**TASK:** Check every line of the data below for the string "interI", and copy the ones that hold it.
(ENTRIES PROVIDED)
(* Let $M\equiv\lambda\,\mathit{argClass}.\,\mathbf{Y}(\lambda\,\mathit{myClass}\,\lambda\,\mathit{state}.\,(\mathit{argClass}\;\mathit{state})\oplus R)$ be a mixin. For any type $\sigma\in\mathbb{T}$ and any $\rho=\langle l:\tau\rangle$ with $l\notin\mathit{lbl}(R)$, we have $\vdash M:(\sigma\to\rho)\to(\sigma\to\rho)$.
   Context: \textbf{Terms.} $\Lambda_R\ni M,N ::= x\mid\lambda x.M\mid MN\mid M.l\mid R\mid M\oplus R$, records $R ::= \langle l_i=M_i\mid i\in I\rangle$ ($I$ finite, labels pairwise distinct), $\mathit{lbl}(\langle l_i=M_i\mid i\in I\rangle)=\{l_i\mid i\in I\}$. $\mathbf{Y}=\lambda f.(\lambda x.f(xx))(\lambda x.f(xx))$. A mixin is a closed term of the displayed form ($R$ may mention $\mathit{argClass},\mathit{myClass},\mathit{state}$). \textbf{Types.} $\mathbb{T}\ni\sigma ::= a\mid\omega\mid\sigma_1\to\sigma_2\mid\sigma_1\cap\sigma_2\mid\rho$, $\mathbb{T}_R\ni\rho ::= \langle\rangle\mid\langle l:\sigma\rangle\mid\rho_1+\rho_2\mid\rho_1\cap\rho_2$. Subtyping $\le$: least preorder with $\sigma\le\omega$; $\omega\le\omega\to\omega$; $\sigma\cap\tau\le\sigma,\tau$; $\sigma\le\tau_1,\sigma\le\tau_2\Rightarrow\sigma\le\tau_1\cap\tau_2$; $(\sigma\to\tau_1)\cap(\sigma\to\tau_2)\le\sigma\to\tau_1\cap\tau_2$; $\sigma_2\le\sigma_1,\tau_1\le\tau_2\Rightarrow\sigma_1\to\tau_1\le\sigma_2\to\tau_2$; $\langle l:\sigma\rangle\le\langle\rangle$; $\langle l:\sigma\rangle\cap\langle l:\tau\rangle\le\langle l:\sigma\cap\tau\rangle$; $\sigma\le\tau\Rightarrow\langle l:\sigma\rangle\le\langle l:\tau\rangle$; $\rho+\langle\rangle=\langle\rangle+\rho=\rho$; $(\rho_1+\rho_2)+\rho_3=\rho_1+(\rho_2+\rho_3)$; $(\rho_1\cap\rho_2)+\rho_3=(\rho_1+\rho_3)\cap(\rho_2+\rho_3)$; $\langle l:\sigma\rangle+(\langle l:\tau\rangle\cap\rho)=\langle l:\tau\rangle\cap\rho$; $\langle l:\sigma\rangle+(\langle l':\tau\rangle\cap\rho)=\langle l':\tau\rangle\cap(\langle l:\sigma\rangle+\rho)$ if $l\neq l'$; $\rho_1\le\rho_2\Rightarrow\rho_1+\rho\le\rho_2+\rho$; $\rho_1=\rho_2\Rightarrow\rho+\rho_1=\rho+\rho_2$ ($=$ is $\le$ both ways). $\mathit{lbl}(\langle\rangle)=\emptyset$, $\mathit{lbl}(\langle l:\sigma\rangle)=\{l\}$, $\mathit{lbl}(\rho_1\cap\rho_2)=\mathit{lbl}(\rho_1+\rho_2)=\mathit{lbl}(\rho_1)\cup\mathit{lbl}(\rho_2)$. \textbf{Type assignment} $\Gamma\vdash M:\sigma$ ($\vdash$ alone means empty basis): $\Gamma\vdash x:\sigma$ if $x:\sigma\in\Gamma$; $\to$-introduction and elimination; $\cap$-introduction; $\Gamma\vdash M:\omega$; subsumption along $\le$; $\Gamma\vdash\langle l_i=M_i\mid i\in I\rangle:\langle\rangle$; from $\Gamma\vdash M_k:\sigma$, $k\in I$ infer $\Gamma\vdash\langle l_i=M_i\mid i\in I\rangle:\langle l_k:\sigma\rangle$; from $\Gamma\vdash M:\langle l:\sigma\rangle$ infer $\Gamma\vdash M.l:\sigma$; from $\Gamma\vdash M:\rho_1$, $\Gamma\vdash R:\rho_2$, $\mathit{lbl}(R)=\mathit{lbl}(\rho_2)$ infer $\Gamma\vdash M\oplus R:\rho_1+\rho_2$. *)

theory Defs
  imports Main
begin

type_synonym var = string
type_synonym label = string
type_synonym tconst = string

text \<open>A record \<langle>l_i = M_i | i \<in> I\<rangle> is represented by the list of its fields;
  Ext M fs is M \<oplus> \<langle>fs\<rangle>.\<close>

datatype trm =
    Var var
  | Lam var trm
  | App trm trm
  | Sel trm label
  | Rec "(label \<times> trm) list"
  | Ext trm "(label \<times> trm) list"

fun fv :: "trm \<Rightarrow> var set" where
  "fv (Var x) = {x}"
| "fv (Lam x M) = fv M - {x}"
| "fv (App M N) = fv M \<union> fv N"
| "fv (Sel M l) = fv M"
| "fv (Rec fs) = (\<Union>p\<in>set fs. fv (snd p))"
| "fv (Ext M fs) = fv M \<union> (\<Union>p\<in>set fs. fv (snd p))"

fun wf_trm :: "trm \<Rightarrow> bool" where
  "wf_trm (Var x) = True"
| "wf_trm (Lam x M) = wf_trm M"
| "wf_trm (App M N) = (wf_trm M \<and> wf_trm N)"
| "wf_trm (Sel M l) = wf_trm M"
| "wf_trm (Rec fs) = (distinct (map fst fs) \<and> (\<forall>p\<in>set fs. wf_trm (snd p)))"
| "wf_trm (Ext M fs) = (wf_trm M \<and> distinct (map fst fs) \<and> (\<forall>p\<in>set fs. wf_trm (snd p)))"

definition rlbl :: "(label \<times> trm) list \<Rightarrow> label set" where
  "rlbl fs = set (map fst fs)"

definition Ycomb :: trm where
  "Ycomb = Lam ''f'' (App (Lam ''x'' (App (Var ''f'') (App (Var ''x'') (Var ''x''))))
                          (Lam ''x'' (App (Var ''f'') (App (Var ''x'') (Var ''x'')))))"

definition mixin :: "var \<Rightarrow> var \<Rightarrow> var \<Rightarrow> (label \<times> trm) list \<Rightarrow> trm" where
  "mixin a m s R = Lam a (App Ycomb (Lam m (Lam s (Ext (App (Var a) (Var s)) R))))"

datatype ty =
    TConst tconst
  | Omega
  | Arrow ty ty
  | Inter ty ty
  | REmpty
  | RField label ty
  | RPlus ty ty

text \<open>is_ty carves out \<open>\<T>\<close>, is_rty carves out \<open>\<T>_R\<close>.\<close>
fun is_ty :: "ty \<Rightarrow> bool" and is_rty :: "ty \<Rightarrow> bool" where
  "is_ty (TConst a) = True"
| "is_ty Omega = True"
| "is_ty (Arrow s t) = (is_ty s \<and> is_ty t)"
| "is_ty (Inter s t) = (is_ty s \<and> is_ty t)"
| "is_ty REmpty = True"
| "is_ty (RField l s) = is_ty s"
| "is_ty (RPlus r1 r2) = (is_rty r1 \<and> is_rty r2)"
| "is_rty REmpty = True"
| "is_rty (RField l s) = is_ty s"
| "is_rty (RPlus r1 r2) = (is_rty r1 \<and> is_rty r2)"
| "is_rty (Inter r1 r2) = (is_rty r1 \<and> is_rty r2)"
| "is_rty (TConst a) = False"
| "is_rty Omega = False"
| "is_rty (Arrow s t) = False"

fun tlbl :: "ty \<Rightarrow> label set" where
  "tlbl REmpty = {}"
| "tlbl (RField l s) = {l}"
| "tlbl (Inter r1 r2) = tlbl r1 \<union> tlbl r2"
| "tlbl (RPlus r1 r2) = tlbl r1 \<union> tlbl r2"
| "tlbl _ = {}"

section \<open>Subtyping (least preorder on \<T> closed under the rules; = is \<le> both ways)\<close>

inductive sub :: "ty \<Rightarrow> ty \<Rightarrow> bool" (infix "\<le>\<^sub>T" 50) where
  refl: "is_ty s \<Longrightarrow> s \<le>\<^sub>T s"
| trans: "s \<le>\<^sub>T t \<Longrightarrow> t \<le>\<^sub>T u \<Longrightarrow> s \<le>\<^sub>T u"
| top: "is_ty s \<Longrightarrow> s \<le>\<^sub>T Omega"
| omega_arrow: "Omega \<le>\<^sub>T Arrow Omega Omega"
| inter_l: "is_ty s \<Longrightarrow> is_ty t \<Longrightarrow> Inter s t \<le>\<^sub>T s"
| inter_r: "is_ty s \<Longrightarrow> is_ty t \<Longrightarrow> Inter s t \<le>\<^sub>T t"
| inter_glb: "s \<le>\<^sub>T t1 \<Longrightarrow> s \<le>\<^sub>T t2 \<Longrightarrow> s \<le>\<^sub>T Inter t1 t2"
| arrow_inter: "is_ty s \<Longrightarrow> is_ty t1 \<Longrightarrow> is_ty t2 \<Longrightarrow>
     Inter (Arrow s t1) (Arrow s t2) \<le>\<^sub>T Arrow s (Inter t1 t2)"
| arrow: "s2 \<le>\<^sub>T s1 \<Longrightarrow> t1 \<le>\<^sub>T t2 \<Longrightarrow> Arrow s1 t1 \<le>\<^sub>T Arrow s2 t2"
| field_empty: "is_ty s \<Longrightarrow> RField l s \<le>\<^sub>T REmpty"
| field_inter: "is_ty s \<Longrightarrow> is_ty t \<Longrightarrow> Inter (RField l s) (RField l t) \<le>\<^sub>T RField l (Inter s t)"
| field_mono: "s \<le>\<^sub>T t \<Longrightarrow> RField l s \<le>\<^sub>T RField l t"
| plus_empty_r1: "is_rty r \<Longrightarrow> RPlus r REmpty \<le>\<^sub>T r"
| plus_empty_r2: "is_rty r \<Longrightarrow> r \<le>\<^sub>T RPlus r REmpty"
| plus_empty_l1: "is_rty r \<Longrightarrow> RPlus REmpty r \<le>\<^sub>T r"
| plus_empty_l2: "is_rty r \<Longrightarrow> r \<le>\<^sub>T RPlus REmpty r"
| plus_assoc1: "is_rty r1 \<Longrightarrow> is_rty r2 \<Longrightarrow> is_rty r3 \<Longrightarrow>
     RPlus (RPlus r1 r2) r3 \<le>\<^sub>T RPlus r1 (RPlus r2 r3)"
| plus_assoc2: "is_rty r1 \<Longrightarrow> is_rty r2 \<Longrightarrow> is_rty r3 \<Longrightarrow>
     RPlus r1 (RPlus r2 r3) \<le>\<^sub>T RPlus (RPlus r1 r2) r3"
| plus_distr1: "is_rty r1 \<Longrightarrow> is_rty r2 \<Longrightarrow> is_rty r3 \<Longrightarrow>
     RPlus (Inter r1 r2) r3 \<le>\<^sub>T Inter (RPlus r1 r3) (RPlus r2 r3)"
| plus_distr2: "is_rty r1 \<Longrightarrow> is_rty r2 \<Longrightarrow> is_rty r3 \<Longrightarrow>
     Inter (RPlus r1 r3) (RPlus r2 r3) \<le>\<^sub>T RPlus (Inter r1 r2) r3"
| plus_same1: "is_ty s \<Longrightarrow> is_ty t \<Longrightarrow> is_rty r \<Longrightarrow>
     RPlus (RField l s) (Inter (RField l t) r) \<le>\<^sub>T Inter (RField l t) r"
| plus_same2: "is_ty s \<Longrightarrow> is_ty t \<Longrightarrow> is_rty r \<Longrightarrow>
     Inter (RField l t) r \<le>\<^sub>T RPlus (RField l s) (Inter (RField l t) r)"
| plus_diff1: "l \<noteq> l' \<Longrightarrow> is_ty s \<Longrightarrow> is_ty t \<Longrightarrow> is_rty r \<Longrightarrow>
     RPlus (RField l s) (Inter (RField l' t) r) \<le>\<^sub>T Inter (RField l' t) (RPlus (RField l s) r)"
| plus_diff2: "l \<noteq> l' \<Longrightarrow> is_ty s \<Longrightarrow> is_ty t \<Longrightarrow> is_rty r \<Longrightarrow>
     Inter (RField l' t) (RPlus (RField l s) r) \<le>\<^sub>T RPlus (RField l s) (Inter (RField l' t) r)"
| plus_mono_l: "r1 \<le>\<^sub>T r2 \<Longrightarrow> is_rty r1 \<Longrightarrow> is_rty r2 \<Longrightarrow> is_rty r \<Longrightarrow>
     RPlus r1 r \<le>\<^sub>T RPlus r2 r"
| plus_cong_r: "r1 \<le>\<^sub>T r2 \<Longrightarrow> r2 \<le>\<^sub>T r1 \<Longrightarrow> is_rty r1 \<Longrightarrow> is_rty r2 \<Longrightarrow> is_rty r \<Longrightarrow>
     RPlus r r1 \<le>\<^sub>T RPlus r r2"

type_synonym basis = "var \<Rightarrow> ty option"

inductive typing :: "basis \<Rightarrow> trm \<Rightarrow> ty \<Rightarrow> bool" ("_ \<turnstile> _ : _" [50,50,50] 50) where
  ax: "\<Gamma> x = Some s \<Longrightarrow> \<Gamma> \<turnstile> Var x : s"
| arrI: "is_ty s \<Longrightarrow> \<Gamma>(x \<mapsto> s) \<turnstile> M : t \<Longrightarrow> \<Gamma> \<turnstile> Lam x M : Arrow s t"
| arrE: "\<Gamma> \<turnstile> M : Arrow s t \<Longrightarrow> \<Gamma> \<turnstile> N : s \<Longrightarrow> \<Gamma> \<turnstile> App M N : t"
| interI: "\<Gamma> \<turnstile> M : s \<Longrightarrow> \<Gamma> \<turnstile> M : t \<Longrightarrow> \<Gamma> \<turnstile> M : Inter s t"
| omega: "\<Gamma> \<turnstile> M : Omega"
| subsum: "\<Gamma> \<turnstile> M : s \<Longrightarrow> s \<le>\<^sub>T t \<Longrightarrow> \<Gamma> \<turnstile> M : t"
| rec_empty: "\<Gamma> \<turnstile> Rec fs : REmpty"
| rec_field: "(l, N) \<in> set fs \<Longrightarrow> \<Gamma> \<turnstile> N : s \<Longrightarrow> \<Gamma> \<turnstile> Rec fs : RField l s"
| sel: "\<Gamma> \<turnstile> M : RField l s \<Longrightarrow> \<Gamma> \<turnstile> Sel M l : s"
| ext: "\<Gamma> \<turnstile> M : r1 \<Longrightarrow> \<Gamma> \<turnstile> Rec fs : r2 \<Longrightarrow> is_rty r1 \<Longrightarrow> is_rty r2 \<Longrightarrow>
        rlbl fs = tlbl r2 \<Longrightarrow> \<Gamma> \<turnstile> Ext M fs : RPlus r1 r2"

end

theory Submission
  imports Defs
begin

text \<open>The fixed-point combinator has type \<open>(\<omega> \<rightarrow> T) \<rightarrow> T\<close> for every \<open>T\<close>, since the
  self-application \<open>x x\<close> only needs type \<open>\<omega>\<close>. So the body of the mixin need only have type
  \<open>\<omega> \<rightarrow> \<sigma> \<rightarrow> \<langle>l:\<tau>\<rangle>\<close>, i.e. \<open>(argClass state) \<oplus> R : \<langle>l:\<tau>\<rangle>\<close>. The record \<open>R\<close> has the type
  \<open>\<langle>l\<^sub>1:\<omega>\<rangle> \<inter> \<dots> \<inter> \<langle>l\<^sub>n:\<omega>\<rangle>\<close> carrying exactly its labels, and as \<open>l\<close> is not among them the
  record-merge rules give \<open>\<langle>l:\<tau>\<rangle> + (\<langle>l\<^sub>1:\<omega>\<rangle> \<inter> \<dots> \<inter> \<langle>l\<^sub>n:\<omega>\<rangle>) \<le> \<langle>l:\<tau>\<rangle>\<close>.\<close>

declare sub.trans [trans]

fun omega_rty :: "(label \<times> trm) list \<Rightarrow> ty" where
  "omega_rty [] = REmpty"
| "omega_rty (p # fs) = Inter (RField (fst p) Omega) (omega_rty fs)"

lemma is_rty_omega_rty: "is_rty (omega_rty fs)"
  by (induction fs) auto

lemma tlbl_omega_rty: "tlbl (omega_rty fs) = rlbl fs"
  by (induction fs) (auto simp: rlbl_def)

lemma typing_Rec_omega_rty:
  assumes "set fs' \<subseteq> set fs"
  shows "\<Gamma> \<turnstile> Rec fs : omega_rty fs'"
  using assms
proof (induction fs')
  case Nil
  show ?case by (simp add: typing.rec_empty)
next
  case (Cons p fs')
  then have "\<Gamma> \<turnstile> Rec fs : RField (fst p) Omega"
    by (intro typing.rec_field[of _ "snd p"]) (auto intro: typing.omega)
  with Cons show ?case by (auto intro: typing.interI)
qed

lemma sub_RPlus_RField_omega_rty:
  assumes "l \<notin> rlbl fs" and "is_ty \<tau>"
  shows "RPlus (RField l \<tau>) (omega_rty fs) \<le>\<^sub>T RField l \<tau>"
  using assms
proof (induction fs)
  case Nil
  then show ?case by (auto intro: sub.plus_empty_r1)
next
  case (Cons p fs)
  then have "RPlus (RField l \<tau>) (Inter (RField (fst p) Omega) (omega_rty fs)) \<le>\<^sub>T
      Inter (RField (fst p) Omega) (RPlus (RField l \<tau>) (omega_rty fs))"
    by (intro sub.plus_diff1) (auto simp: rlbl_def is_rty_omega_rty)
  also have "\<dots> \<le>\<^sub>T RPlus (RField l \<tau>) (omega_rty fs)"
    using Cons.prems by (intro sub.inter_r) (auto simp: is_rty_omega_rty)
  also have "\<dots> \<le>\<^sub>T RField l \<tau>"
    using Cons by (simp add: rlbl_def)
  finally show ?case by simp
qed

lemma typing_Ext_RField:
  assumes "\<Gamma> \<turnstile> M : RField l \<tau>" and "l \<notin> rlbl fs" and "is_ty \<tau>"
  shows "\<Gamma> \<turnstile> Ext M fs : RField l \<tau>"
proof -
  have "\<Gamma> \<turnstile> Ext M fs : RPlus (RField l \<tau>) (omega_rty fs)"
    using assms by (intro typing.ext typing_Rec_omega_rty)
      (auto simp: is_rty_omega_rty tlbl_omega_rty)
  then show ?thesis
    using sub_RPlus_RField_omega_rty[OF assms(2,3)] by (rule typing.subsum)
qed

lemma typing_Ycomb:
  assumes "is_ty T"
  shows "\<Gamma> \<turnstile> Ycomb : Arrow (Arrow Omega T) T"
  unfolding Ycomb_def
proof (rule typing.arrI)
  let ?G = "\<Gamma>(''f'' \<mapsto> Arrow Omega T)"
  have "?G \<turnstile> Lam ''x'' (App (Var ''f'') (App (Var ''x'') (Var ''x''))) : Arrow Omega T"
    by (rule typing.arrI) (auto intro!: typing.arrE[of _ _ Omega] typing.ax typing.omega)
  then show "?G \<turnstile> App (Lam ''x'' (App (Var ''f'') (App (Var ''x'') (Var ''x''))))
      (Lam ''x'' (App (Var ''f'') (App (Var ''x'') (Var ''x'')))) : T"
    using typing.omega by (rule typing.arrE)
  show "is_ty (Arrow Omega T)" using assms by simp
qed

theorem lemma3p19:
  fixes argClass myClass state :: var and R :: "(label \<times> trm) list"
    and \<sigma> \<tau> :: ty and l :: label
  assumes "distinct [argClass, myClass, state]"
    and "fv (mixin argClass myClass state R) = {}"
    and "wf_trm (mixin argClass myClass state R)"
    and "is_ty \<sigma>" and "is_ty \<tau>"
    and "l \<notin> rlbl R"
  shows "Map.empty \<turnstile> mixin argClass myClass state R :
           Arrow (Arrow \<sigma> (RField l \<tau>)) (Arrow \<sigma> (RField l \<tau>))"
proof -
  let ?T = "Arrow \<sigma> (RField l \<tau>)"
  let ?H = "(Map.empty :: basis)(argClass \<mapsto> ?T)"
  let ?body = "Ext (App (Var argClass) (Var state)) R"
  have T: "is_ty ?T" using assms by simp
  have "?H(myClass \<mapsto> Omega, state \<mapsto> \<sigma>) \<turnstile> App (Var argClass) (Var state) : RField l \<tau>"
    using assms(1) by (auto intro!: typing.arrE[of _ _ \<sigma>] typing.ax)
  then have "?H(myClass \<mapsto> Omega, state \<mapsto> \<sigma>) \<turnstile> ?body : RField l \<tau>"
    using assms by (intro typing_Ext_RField)
  then have "?H \<turnstile> Lam myClass (Lam state ?body) : Arrow Omega ?T"
    using assms by (auto intro!: typing.arrI)
  with typing_Ycomb[OF T] have "?H \<turnstile> App Ycomb (Lam myClass (Lam state ?body)) : ?T"
    by (rule typing.arrE)
  then show ?thesis
    unfolding mixin_def using T by (intro typing.arrI)
qed

end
(End ENTRIES PROVIDED)
**RESPONSE TO THE TASK:**
| interI: "\<Gamma> \<turnstile> M : s \<Longrightarrow> \<Gamma> \<turnstile> M : t \<Longrightarrow> \<Gamma> \<turnstile> M : Inter s t"
  with Cons show ?case by (auto intro: typing.interI)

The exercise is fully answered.